0

I am using Python3.4 and CQLEngine. In my code, I am saving an object in an overloaded save operator as follows:

Class Foo(Model, ...):
    id = columns.Integer(primary_key)=True
    bar = column.Text() 
    ...

    def save(self):
        super(Foo, self).save()

and I would like to know if the save() is making an insert or an update from the return of the save function.

Ryan Kuhl
  • 90
  • 7

1 Answers1

1

INSERT and UPDATE are synonyms in Cassandra with a very few exceptions. Here is a description of INSERT where it briefly touches on a difference:

An INSERT writes one or more columns to a record in a Cassandra table atomically and in isolation. No results are returned. You do not have to define all columns, except those that make up the key. Missing columns occupy no space on disk.

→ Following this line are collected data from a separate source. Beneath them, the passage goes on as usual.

text \<open>Write \<open>P\<^sub>S\<close> for \<open>ovp_prod S\<close> and \<open>A\<close> for the parts not divisible by \<open>3\<close> or \<open>L\<close>.
  Inclusion-exclusion gives \<open>P\<^sub>A = P\<^sub>U P\<^sub>3\<^sub>L / (P\<^sub>3 P\<^sub>L)\<close>, and in characteristic \<open>3\<close> the
  Frobenius identities \<open>P\<^sub>3 = P\<^sub>U\<^sup>3\<close>, \<open>P\<^sub>3\<^sub>L = P\<^sub>L\<^sup>3\<close> (as \<open>L\<close> is coprime to \<open>3\<close>) leave
  \<open>P\<^sub>L\<^sup>2 / P\<^sub>U\<^sup>2\<close>.\<close>

lemma fps_cong_ovp_prod_char_3:
  fixes K L :: nat
  assumes char: "(3::'a::comm_ring_1) = 0" and L: "coprime L 3"
  defines "U \<equiv> {1..K}"
  shows "fps_cong (K + 1) (ovp_prod {m\<in>U. \<not> 3 dvd m \<and> \<not> L dvd m} :: 'a fps)
    ((ovp_prod {m\<in>U. L dvd m})\<^sup>2 * (ovp_prod_inv U)\<^sup>2)"
proof -
  define A where "A = {m\<in>U. \<not> 3 dvd m \<and> \<not> L dvd m}"
  define D3 where "D3 = {m\<in>U. 3 dvd m}"
  define DL where "DL = {m\<in>U. L dvd m}"
  define D3L where "D3L = {m\<in>U. 3 dvd m \<and> L dvd m}"
  have zero: "0 \<notin> U" "0 \<notin> DL" by (auto simp: U_def DL_def)
  have "finite U" by (simp add: U_def)
  from ovp_prod_inclusion_exclusion[OF this, of "\<lambda>m. 3 dvd m" "\<lambda>m. L dvd m"]
  have incl_excl: "(ovp_prod U :: 'a fps) * ovp_prod D3L = ovp_prod A * ovp_prod D3 * ovp_prod DL"
    unfolding A_def D3_def DL_def D3L_def .
  have "{x \<in> (\<lambda>m. 3 * m) ` U. x \<le> K} = D3"
    by (auto simp: U_def D3_def image_iff elim!: dvdE)
  then have cube_U: "fps_cong (K + 1) ((ovp_prod U :: 'a fps) ^ 3) (ovp_prod D3)"
    using fps_cong_ovp_prod_cube[OF char _ zero(1), of K] by (simp add: U_def)
  have "{x \<in> (\<lambda>m. 3 * m) ` DL. x \<le> K} = D3L"
    using triple_image_dvd_atMost[OF L, of K] by (simp add: U_def DL_def D3L_def)
  then have cube_DL: "fps_cong (K + 1) ((ovp_prod DL :: 'a fps) ^ 3) (ovp_prod D3L)"
    using fps_cong_ovp_prod_cube[OF char _ zero(2), of K] by (simp add: DL_def U_def)
  have inv_U: "ovp_prod U * ovp_prod_inv U = (1 :: 'a fps)" by (rule ovp_prod_mult_inv[OF zero(1)])
  have inv_DL: "ovp_prod DL * ovp_prod_inv DL = (1 :: 'a fps)" by (rule ovp_prod_mult_inv[OF zero(2)])
  define C where "C = (ovp_prod_inv U) ^ 3 * (ovp_prod_inv DL :: 'a fps)"
  have "(ovp_prod A :: 'a fps) = ovp_prod A * (ovp_prod U * ovp_prod_inv U) ^ 3 * (ovp_prod DL * ovp_prod_inv DL)"
    by (simp add: inv_U inv_DL)
  also have "\<dots> = (ovp_prod A * ovp_prod U ^ 3 * ovp_prod DL) * C"
    by (simp only: C_def power_mult_distrib ac_simps)
  also have "fps_cong (K + 1) \<dots> ((ovp_prod A * ovp_prod D3 * ovp_prod DL) * C)"
    by (rule fps_cong_mult[OF fps_cong_mult[OF fps_cong_mult[OF fps_cong_refl cube_U] fps_cong_refl] fps_cong_refl])
  also have "(ovp_prod A * ovp_prod D3 * ovp_prod DL) * C = (ovp_prod U * ovp_prod D3L) * C"
    by (simp only: incl_excl)
  also have "fps_cong (K + 1) \<dots> ((ovp_prod U * ovp_prod DL ^ 3) * C)"
    by (rule fps_cong_mult[OF fps_cong_mult[OF fps_cong_refl fps_cong_sym[OF cube_DL]] fps_cong_refl])
  also have "(ovp_prod U * ovp_prod DL ^ 3) * C =
      (ovp_prod DL)\<^sup>2 * (ovp_prod_inv U)\<^sup>2 * ((ovp_prod U * ovp_prod_inv U) * (ovp_prod DL * ovp_prod_inv DL))"
    by (simp only: C_def power2_eq_square power3_eq_cube ac_simps)
  also have "\<dots> = (ovp_prod DL)\<^sup>2 * (ovp_prod_inv U)\<^sup>2"
    by (simp add: inv_U inv_DL)
  finally show ?thesis unfolding A_def DL_def .
qed

lemma fps_mult_nth_nonzero:
  assumes "fps_nth (f * g) n \<noteq> (0::'a::comm_ring_1)"
  obtains i where "i \<le> n" "fps_nth f i \<noteq> 0" "fps_nth g (n - i) \<noteq> 0"
proof -
  have "\<exists>i\<in>{0..n}. fps_nth f i * fps_nth g (n - i) \<noteq> 0"
  proof (rule ccontr)
    assume "\<not> ?thesis"
    then have "(\<Sum>i=0..n. fps_nth f i * fps_nth g (n - i)) = 0" by (intro sum.neutral) auto
    then show False using assms by (simp add: fps_mult_nth)
  qed
  then show ?thesis using that by (metis atLeastAtMost_iff mult_zero_left mult_zero_right)
qed

lemma theta_partial_nth_nonzero:
  assumes "fps_nth (theta_partial m :: 'a::comm_ring_1 fps) n \<noteq> 0"
  obtains x where "n = x\<^sup>2"
proof -
  have sign_nth: "fps_nth ((-1) ^ j :: 'a fps) i = (if i = 0 then (-1) ^ j else 0)" for i j
    by (induction j) (auto simp: fps_one_nth)
  have "fps_nth ((-1) ^ (k + m) * fps_X ^ (absdiff k m)\<^sup>2 :: 'a fps) n =
      (if n = (absdiff k m)\<^sup>2 then (-1) ^ (k + m) else 0)" for k
    by (simp add: fps_X_power_mult_right_nth sign_nth)
  then have "\<exists>k. n = (absdiff k m)\<^sup>2"
    using assms by (auto simp: theta_partial_def fps_sum_nth intro: ccontr)
  then show ?thesis using that by blast
qed

lemma theta_partial_square_nth_nonzero:
  assumes "fps_nth ((theta_partial m)\<^sup>2 :: 'a::comm_ring_1 fps) n \<noteq> 0"
  obtains x y where "n = x\<^sup>2 + y\<^sup>2"
proof -
  obtain i where "i \<le> n" "fps_nth (theta_partial m :: 'a fps) i \<noteq> 0"
    "fps_nth (theta_partial m :: 'a fps) (n - i) \<noteq> 0"
    using assms by (auto simp: power2_eq_square elim: fps_mult_nth_nonzero)
  then show ?thesis using that by (metis theta_partial_nth_nonzero le_add_diff_inverse)
qed

definition fps_supp_dvd :: "nat \<Rightarrow> 'a::comm_ring_1 fps \<Rightarrow> bool" where
  "fps_supp_dvd L f \<longleftrightarrow> (\<forall>i. fps_nth f i \<noteq> 0 \<longrightarrow> L dvd i)"

lemma fps_supp_dvd_mult:
  assumes "fps_supp_dvd L f" "fps_supp_dvd L g"
  shows "fps_supp_dvd L (f * g)"
  unfolding fps_supp_dvd_def
proof (intro allI impI)
  fix n assume "fps_nth (f * g) n \<noteq> 0"
  then obtain i where "i \<le> n" "fps_nth f i \<noteq> 0" "fps_nth g (n - i) \<noteq> 0"
    by (rule fps_mult_nth_nonzero)
  then have "L dvd i" "L dvd (n - i)" using assms by (auto simp: fps_supp_dvd_def)
  then show "L dvd n" using \<open>i \<le> n\<close> by (metis dvd_add le_add_diff_inverse)
qed

lemma fps_supp_dvd_ovp_prod:
  assumes "finite S" "\<And>m. m \<in> S \<Longrightarrow> 0 < m \<and> L dvd m"
  shows "fps_supp_dvd L (ovp_prod S :: 'a::comm_ring_1 fps)"
  using assms unfolding ovp_prod_def
proof (induction S rule: finite_induct)
  case empty
  then show ?case by (simp add: fps_supp_dvd_def fps_one_nth)
next
  case (insert m S)
  then have "fps_supp_dvd L (ovp_factor m :: 'a fps)"
    by (auto simp: fps_supp_dvd_def ovp_factor_nth intro: dvd_trans split: if_splits)
  with insert show ?case by (simp add: fps_supp_dvd_mult)
qed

If the column exists, it is updated. You can qualify table names by keyspace. INSERT does not support counters, but UPDATE does. Internally, the insert and update operation are identical.

You don't know whether it will be an insert or update, and you can look at it as if it was a data save request, then the coordinator determines what it is.

This answers your original question - you can't know based on the return of the save function whether it was an insert or update.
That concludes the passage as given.